The Rupee’s Record Fall—What It Really Means

The Indian rupee, which dropped to a historic low of ₹93.89 per dollar, is more than just a figure on a screen. Anything that India imports becomes more costly due to a declining rupee. When the rupee declines, the price of oil, electronics, machinery, fertilisers, and gold all increase. This immediately contributes to inflation, reduces consumer purchasing power, and squeezes company profitability.

This manifests itself subtly but brutally for the typical Indian household—slightly higher fuel prices, slightly more expensive groceries, slightly more expensive electronics. Family finances are severely strained over the course of weeks and months, even when it doesn’t feel dramatic on any one day.

What’s Next

India’s Advantages: Why The Story Isn’t Over

Despite this, it’s crucial to remember that a difficult correction does not necessarily mean a permanent collapse.

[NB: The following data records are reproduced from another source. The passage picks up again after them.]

(* Let $p(x)=a_dx^d+\cdots+a_1x$ be a real polynomial of degree $d\ge2$ with $p(0)=0$, $p'(0)=\lambda>1$, whose Fatou component $\mathcal{F}_\infty$ containing $\infty$ contains an angular region $W_\beta=\{z\ne0:|\arg z|<\beta\}$ for some $\beta>0$, and let $\mathcal{J}_p$ denote its Julia set. Let $\Phi$ be the entire solution of $\Phi(\lambda z)=p(\Phi(z))$, $\Phi(0)=0$, $\Phi'(0)=1$, let $\rho=\log_\lambda d$, and let $F$ be the $1$-periodic holomorphic function on $\{|\Im w|<\beta/\log\lambda\}$ such that for all $\varepsilon>0$, $M>0$, $\Phi(z)=a_d^{-1/(d-1)}\exp\left(z^\rho F(\log_\lambda z)+o(|z|^{-M})\right)$ uniformly as $|z|\to\infty$ in $|\arg z|\le\beta-\varepsilon$. Assume that $\mathcal{J}_p\subset\mathbb{R}^-$ and that $\Phi$ is unbounded on $\mathbb{R}^-$. Then $F$ is not constant.
   Context: $\mathbb{R}^-$ denotes the negative real half-axis (the Julia set always contains the repelling fixed point $0$, so $\mathcal{J}_p\subset\mathbb{R}^-$ is to be read as $\mathcal{J}_p\subset(-\infty,0]$). $\log_\lambda z=\log z/\log\lambda$. *)

theory Defs
  imports "HOL-Complex_Analysis.Complex_Analysis" "HOL-Computational_Algebra.Polynomial"
begin

definition cpoly :: "real poly \<Rightarrow> complex \<Rightarrow> complex" where
  "cpoly p = poly (map_poly complex_of_real p)"

definition filled_julia :: "real poly \<Rightarrow> complex set" where
  "filled_julia p = {z. bounded (range (\<lambda>n. (cpoly p ^^ n) z))}"

definition julia :: "real poly \<Rightarrow> complex set" where
  "julia p = frontier (filled_julia p)"

text \<open>The Fatou component containing infinity (basin of infinity), intersected with the plane.\<close>
definition basin_infty :: "real poly \<Rightarrow> complex set" where
  "basin_infty p = {z. filterlim (\<lambda>n. (cpoly p ^^ n) z) at_infinity sequentially}"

India in the global financial crisis of 2008 is very different from India in 2026. The banking system is cleaner than it was ten years ago, foreign exchange reserves are strong, domestic retail investors are more knowledgeable and disciplined, and India’s digital economy is generating new growth engines that are less reliant on oil prices.

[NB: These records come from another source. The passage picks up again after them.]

(* Let $\Gamma$ be a Neumaier graph of valency $k$ with diameter $2$. Then $\Gamma$ has at most $\max\{1+k+k(k-2),\,2k\}$ vertices.
   Context: All graphs are finite, simple, undirected and connected. A graph is edge-regular with parameters $(n,k,\lambda)$ if it has $n$ vertices, is $k$-regular, and any two adjacent vertices have exactly $\lambda$ common neighbours. A clique $C$ is a regular clique with nexus $a$ if every vertex not in $C$ has exactly $a$ neighbours in $C$. A Neumaier graph is a non-complete edge-regular graph containing a regular clique. *)

theory Defs
  imports Main
begin

definition simple_graph :: "'a set \<Rightarrow> ('a \<Rightarrow> 'a \<Rightarrow> bool) \<Rightarrow> bool" where
  "simple_graph V E \<longleftrightarrow> finite V \<and> V \<noteq> {} \<and>
     (\<forall>x y. E x y \<longrightarrow> x \<in> V \<and> y \<in> V) \<and>
     (\<forall>x y. E x y \<longrightarrow> E y x) \<and> (\<forall>x. \<not> E x x)"

definition neighbours :: "'a set \<Rightarrow> ('a \<Rightarrow> 'a \<Rightarrow> bool) \<Rightarrow> 'a \<Rightarrow> 'a set" where
  "neighbours V E x = {y \<in> V. E x y}"

text \<open>A walk given as a vertex list; its length is the number of edges.\<close>
definition is_walk :: "'a set \<Rightarrow> ('a \<Rightarrow> 'a \<Rightarrow> bool) \<Rightarrow> 'a list \<Rightarrow> bool" where
  "is_walk V E p \<longleftrightarrow> p \<noteq> [] \<and> set p \<subseteq> V \<and>
     (\<forall>i. Suc i < length p \<longrightarrow> E (p ! i) (p ! Suc i))"

definition connected_graph :: "'a set \<Rightarrow> ('a \<Rightarrow> 'a \<Rightarrow> bool) \<Rightarrow> bool" where
  "connected_graph V E \<longleftrightarrow> (\<forall>x\<in>V. \<forall>y\<in>V. \<exists>p. is_walk V E p \<and> hd p = x \<and> last p = y)"

definition graph_dist :: "'a set \<Rightarrow> ('a \<Rightarrow> 'a \<Rightarrow> bool) \<Rightarrow> 'a \<Rightarrow> 'a \<Rightarrow> nat" where
  "graph_dist V E x y = (LEAST n. \<exists>p. is_walk V E p \<and> hd p = x \<and> last p = y \<and> length p = Suc n)"

definition diameter :: "'a set \<Rightarrow> ('a \<Rightarrow> 'a \<Rightarrow> bool) \<Rightarrow> nat" where
  "diameter V E = Max {graph_dist V E x y | x y. x \<in> V \<and> y \<in> V}"

definition regular_graph :: "'a set \<Rightarrow> ('a \<Rightarrow> 'a \<Rightarrow> bool) \<Rightarrow> nat \<Rightarrow> bool" where
  "regular_graph V E k \<longleftrightarrow> (\<forall>x\<in>V. card (neighbours V E x) = k)"

definition edge_regular :: "'a set \<Rightarrow> ('a \<Rightarrow> 'a \<Rightarrow> bool) \<Rightarrow> nat \<Rightarrow> nat \<Rightarrow> nat \<Rightarrow> bool" where
  "edge_regular V E n k lam \<longleftrightarrow> card V = n \<and> regular_graph V E k \<and>
     (\<forall>x y. E x y \<longrightarrow> card (neighbours V E x \<inter> neighbours V E y) = lam)"

definition is_clique :: "'a set \<Rightarrow> ('a \<Rightarrow> 'a \<Rightarrow> bool) \<Rightarrow> 'a set \<Rightarrow> bool" where
  "is_clique V E C \<longleftrightarrow> C \<subseteq> V \<and> (\<forall>x\<in>C. \<forall>y\<in>C. x \<noteq> y \<longrightarrow> E x y)"

definition regular_clique :: "'a set \<Rightarrow> ('a \<Rightarrow> 'a \<Rightarrow> bool) \<Rightarrow> 'a set \<Rightarrow> nat \<Rightarrow> bool" where
  "regular_clique V E C a \<longleftrightarrow> is_clique V E C \<and> C \<noteq> {} \<and>
     (\<forall>x\<in>V - C. card (neighbours V E x \<inter> C) = a)"

definition complete_graph :: "'a set \<Rightarrow> ('a \<Rightarrow> 'a \<Rightarrow> bool) \<Rightarrow> bool" where
  "complete_graph V E \<longleftrightarrow> (\<forall>x\<in>V. \<forall>y\<in>V. x \<noteq> y \<longrightarrow> E x y)"

definition neumaier_graph :: "'a set \<Rightarrow> ('a \<Rightarrow> 'a \<Rightarrow> bool) \<Rightarrow> nat \<Rightarrow> bool" where
  "neumaier_graph V E k \<longleftrightarrow> \<not> complete_graph V E \<and>
     (\<exists>lam. edge_regular V E (card V) k lam) \<and> (\<exists>C a. regular_clique V E C a)"

end

theory Submission
  imports Defs
begin

text \<open>If
  \<open>\<lambda> \<ge> 1\<close>, count the vertices at distance 2 from a fixed vertex \<open>x\<close> through
  its neighbours \<open>y\<close>: each \<open>y\<close> has exactly \<open>k - 1 - \<lambda>\<close> neighbours outside
  \<open>{x} \<union> N(x)\<close>, giving the Moore-type bound \<open>1 + k + k(k - 2)\<close>. If \<open>\<lambda> = 0\<close> the
  graph is triangle-free, so the regular clique has one or two vertices; diameter 2
  forces every vertex outside it to have a neighbour in it, so the graph is covered
  by at most two closed neighbourhoods and has at most \<open>2k\<close> vertices.\<close>

lemma simple_graphD:
  assumes "simple_graph V E"
  shows "finite V" and "E x y \<Longrightarrow> x \<in> V" and "E x y \<Longrightarrow> y \<in> V"
    and "E x y \<Longrightarrow> E y x" and "\<not> E x x"
  using assms by (auto simp: simple_graph_def)

lemma mem_neighbours_iff:
  assumes "simple_graph V E"
  shows "y \<in> neighbours V E x \<longleftrightarrow> E x y"
  using simple_graphD[OF assms] by (auto simp: neighbours_def)

lemma finite_neighbours:
  assumes "simple_graph V E"
  shows "finite (neighbours V E x)"
  using simple_graphD(1)[OF assms] by (simp add: neighbours_def)

lemma walk_of_length_graph_dist:
  assumes "connected_graph V E" and "x \<in> V" and "y \<in> V"
  obtains p where "is_walk V E p" "hd p = x" "last p = y"
    "length p = Suc (graph_dist V E x y)"
proof -
  define P where "P = (\<lambda>n. \<exists>p. is_walk V E p \<and> hd p = x \<and> last p = y \<and> length p = Suc n)"
  obtain p where p: "is_walk V E p" "hd p = x" "last p = y"
    using assms unfolding connected_graph_def by blast
  then have "p \<noteq> []" by (simp add: is_walk_def)
  with p have "P (length p - 1)" unfolding P_def by (intro exI[of _ p]) auto
  then have "P (LEAST n. P n)" by (rule LeastI)
  then show thesis using that unfolding P_def graph_dist_def by blast
qed

lemma graph_dist_le_diameter:
  assumes "finite V" and "x \<in> V" and "y \<in> V"
  shows "graph_dist V E x y \<le> diameter V E"
proof -
  have "{graph_dist V E x y | x y. x \<in> V \<and> y \<in> V} = (\<lambda>(x, y). graph_dist V E x y) ` (V \<times> V)"
    by auto
  then have "finite {graph_dist V E x y | x y. x \<in> V \<and> y \<in> V}"
    using assms(1) by simp
  then show ?thesis unfolding diameter_def by (rule Max_ge) (use assms in blast)
qed

lemma diameter_le_2_imp_within_two_steps:
  assumes "simple_graph V E" and "connected_graph V E" and "diameter V E \<le> 2"
    and "x \<in> V" and "y \<in> V"
  shows "x = y \<or> E x y \<or> (\<exists>z. E x z \<and> E z y)"
proof -
  obtain q where q: "is_walk V E q" "hd q = x" "last q = y"
    "length q = Suc (graph_dist V E x y)"
    using walk_of_length_graph_dist[OF assms(2,4,5)] .
  have "graph_dist V E x y \<le> 2"
    using order_trans[OF graph_dist_le_diameter[OF simple_graphD(1)[OF assms(1)] assms(4,5)] assms(3)] .
  then consider "length q = 1" | "length q = 2" | "length q = 3"
    using q(4) by linarith
  moreover have "q \<noteq> []" and step: "\<And>i. Suc i < length q \<Longrightarrow> E (q ! i) (q ! Suc i)"
    using q(1) by (auto simp: is_walk_def)
  ultimately show ?thesis
    using q(2,3) step[of 0] step[of 1]
    by cases (auto simp: hd_conv_nth last_conv_nth numeral_2_eq_2 numeral_3_eq_3)
qed

lemma insert_common_neighbours_subset:
  assumes "simple_graph V E" and "E x y"
  shows "insert x (neighbours V E x \<inter> neighbours V E y) \<subseteq> neighbours V E y"
  using assms simple_graphD(4)[OF assms(1)] by (auto simp: mem_neighbours_iff)

lemma card_insert_common_neighbours:
  assumes "simple_graph V E" and "edge_regular V E n k lam" and "E x y"
  shows "card (insert x (neighbours V E x \<inter> neighbours V E y)) = Suc lam"
proof -
  have "x \<notin> neighbours V E x"
    using simple_graphD(5)[OF assms(1)] by (simp add: mem_neighbours_iff[OF assms(1)])
  then show ?thesis
    using assms(2,3) finite_neighbours[OF assms(1)] by (simp add: edge_regular_def)
qed

lemma card_neighbours_beyond_edge:
  assumes "simple_graph V E" and "edge_regular V E n k lam" and "E x y"
  shows "card (neighbours V E y - insert x (neighbours V E x \<inter> neighbours V E y)) = k - Suc lam"
proof -
  have "card (neighbours V E y) = k"
    using assms(2) simple_graphD(3)[OF assms(1,3)]
    by (simp add: edge_regular_def regular_graph_def)
  then show ?thesis
    using card_Diff_subset[OF finite_subset[OF insert_common_neighbours_subset[OF assms(1,3)]
          finite_neighbours[OF assms(1)]] insert_common_neighbours_subset[OF assms(1,3)]]
      card_insert_common_neighbours[OF assms] by simp
qed

lemma edge_regular_card_le_two_step_bound:
  assumes sg: "simple_graph V E" and er: "edge_regular V E n k lam" and "x \<in> V"
    and near: "\<And>y. y \<in> V \<Longrightarrow> x = y \<or> E x y \<or> (\<exists>z. E x z \<and> E z y)"
  shows "card V \<le> 1 + k + k * (k - Suc lam)"
proof -
  let ?N = "neighbours V E"
  define B where "B y = ?N y - insert x (?N x \<inter> ?N y)" for y
  have finB: "finite (B y)" for y
    using finite_neighbours[OF sg] by (simp add: B_def)
  have "V \<subseteq> insert x (?N x \<union> (\<Union>y\<in>?N x. B y))"
  proof
    fix w assume "w \<in> V"
    from near[OF this] show "w \<in> insert x (?N x \<union> (\<Union>y\<in>?N x. B y))"
      by (auto simp: B_def mem_neighbours_iff[OF sg])
  qed
  then have "card V \<le> card (insert x (?N x \<union> (\<Union>y\<in>?N x. B y)))"
    by (rule card_mono[rotated]) (simp add: finB finite_neighbours[OF sg])
  also have "\<dots> \<le> 1 + card (?N x \<union> (\<Union>y\<in>?N x. B y))"
    by (simp add: card_insert_le_m1)
  also have "\<dots> \<le> 1 + card (?N x) + card (\<Union>y\<in>?N x. B y)"
    using card_Un_le by (simp add: add.assoc)
  also have "card (\<Union>y\<in>?N x. B y) \<le> (\<Sum>y\<in>?N x. card (B y))"
    by (rule card_UN_le) (rule finite_neighbours[OF sg])
  also have "(\<Sum>y\<in>?N x. card (B y)) = (\<Sum>y\<in>?N x. k - Suc lam)"
    by (rule sum.cong)
      (simp_all add: B_def card_neighbours_beyond_edge[OF sg er] mem_neighbours_iff[OF sg])
  finally show ?thesis
    using er \<open>x \<in> V\<close> by (simp add: edge_regular_def regular_graph_def)
qed

lemma triangle_free_clique_card_le_2:
  assumes sg: "simple_graph V E" and er: "edge_regular V E n k 0" and "is_clique V E C"
  shows "card C \<le> 2"
proof (rule ccontr)
  assume "\<not> card C \<le> 2"
  then obtain D where "D \<subseteq> C" "card D = 3"
    by (metis obtain_subset_with_card_n not_le_imp_less Suc_leI numeral_2_eq_2 numeral_3_eq_3)
  then obtain x y z where "x \<in> C" "y \<in> C" "z \<in> C" "x \<noteq> y" "x \<noteq> z" "y \<noteq> z"
    by (auto simp: card_3_iff)
  with \<open>is_clique V E C\<close> have "E x y" "z \<in> neighbours V E x \<inter> neighbours V E y"
    by (auto simp: is_clique_def mem_neighbours_iff[OF sg])
  with er finite_neighbours[OF sg] show False
    by (auto simp: edge_regular_def)
qed

text \<open>With nexus \<open>0\<close> no outside vertex could reach the clique in two steps.\<close>

lemma regular_clique_dominating:
  assumes sg: "simple_graph V E" and rc: "regular_clique V E C a"
    and near: "\<And>x y. x \<in> V \<Longrightarrow> y \<in> V \<Longrightarrow> x = y \<or> E x y \<or> (\<exists>z. E x z \<and> E z y)"
    and "w \<in> V - C"
  shows "\<exists>c\<in>C. E w c"
proof (rule ccontr)
  assume "\<not> (\<exists>c\<in>C. E w c)"
  then have "neighbours V E w \<inter> C = {}"
    by (auto simp: mem_neighbours_iff[OF sg])
  moreover have "card (neighbours V E w \<inter> C) = a"
    using rc \<open>w \<in> V - C\<close> by (simp add: regular_clique_def)
  ultimately have "a = 0" by simp
  have CV: "C \<subseteq> V" using rc by (simp add: regular_clique_def is_clique_def)
  have isolated: "\<not> E z c" if "z \<in> V - C" "c \<in> C" for z c
  proof
    assume "E z c"
    then have "c \<in> neighbours V E z \<inter> C" using that by (simp add: mem_neighbours_iff[OF sg])
    moreover have "card (neighbours V E z \<inter> C) = 0"
      using rc that \<open>a = 0\<close> by (simp add: regular_clique_def)
    ultimately show False by (auto simp: finite_neighbours[OF sg])
  qed
  obtain c where "c \<in> C" using rc by (auto simp: regular_clique_def)
  then show False
    using near[of c w] CV \<open>w \<in> V - C\<close> \<open>\<not> (\<exists>c\<in>C. E w c)\<close> isolated simple_graphD[OF sg]
    by blast
qed

lemma card_le_Suc_degree_if_universal:
  assumes sg: "simple_graph V E" and "regular_graph V E k" and "c \<in> V"
    and "\<And>w. w \<in> V - {c} \<Longrightarrow> E w c"
  shows "card V \<le> Suc k"
proof -
  have "V \<subseteq> insert c (neighbours V E c)"
    unfolding subset_iff insert_iff mem_neighbours_iff[OF sg]
    using assms(4) simple_graphD(4)[OF sg] by blast
  then have "card V \<le> card (insert c (neighbours V E c))"
    by (simp add: card_mono finite_neighbours[OF sg])
  also have "\<dots> \<le> Suc k"
    using assms(2,3) by (simp add: card_insert_le_m1 regular_graph_def)
  finally show ?thesis .
qed

lemma card_le_twice_degree_if_dominating_edge:
  assumes sg: "simple_graph V E" and "regular_graph V E k" and "E u v"
    and "\<And>w. w \<in> V - {u, v} \<Longrightarrow> E w u \<or> E w v"
  shows "card V \<le> 2 * k"
proof -
  have "V \<subseteq> neighbours V E u \<union> neighbours V E v"
    unfolding subset_iff Un_iff mem_neighbours_iff[OF sg]
    using assms(3,4) simple_graphD(4)[OF sg] by blast
  then have "card V \<le> card (neighbours V E u \<union> neighbours V E v)"
    by (simp add: card_mono finite_neighbours[OF sg])
  also have "\<dots> \<le> card (neighbours V E u) + card (neighbours V E v)"
    by (rule card_Un_le)
  also have "\<dots> = 2 * k"
    using assms(2) simple_graphD(2,3)[OF sg assms(3)] by (simp add: regular_graph_def)
  finally show ?thesis .
qed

Mutual funds, insurance firms, and individual investors through SIPs are examples of domestic institutional investors (DIIs) that have been aggressively purchasing during the decline, partially mitigating the harm caused by FPI selling. Ten years ago, there was no such thing as this type of maturity among domestic investors in Indian markets.

India’s long-term economic narrative, propelled by a youthful population, growing consumption, infrastructure investment, and digital revolution, is still largely intact. Even if they are unpleasant, adjustments like these are a necessary part of the process for any functioning market.

Final Word

Don’t Panic—But Do Understand What’s Happening

The current state of affairs serves as a reminder of how interconnected everything is, whether you’re an investor or just someone attempting to comprehend the world. Your gasoline bill in Mumbai is impacted by a conflict in the Middle East. Bengaluru’s IT jobs are affected by U.S. tariffs. The cost of your phone is impacted by a declining rupee.

A rare confluence of factors, including a fierce conflict in the world’s most significant oil corridor, trade tensions, overpriced stocks, and apprehensive foreign investors, is causing global markets, including Indian markets, to go through a difficult period. It’s not a disaster, but it’s also not insignificant.

The best thing any of us can do—whether we’re investors or just ordinary citizens—is stay calm, stay informed, and resist the urge to make rushed, fear-driven decisions. Markets have come back from worse. And they will again.

Key Takeaways

The world experienced an oil shock as a result of the war between the United States and Iran. India is particularly susceptible because it imports 85% of its oil. In 2026, FPIs extracted more than ₹1 lakh crore from Indian stocks. The rupee touched a record low of ₹93.89, while the Sensex dropped more than 1,800 points. The banking and IT industries are under pressure at the same time. However, India’s long-term economic foundations are still strong.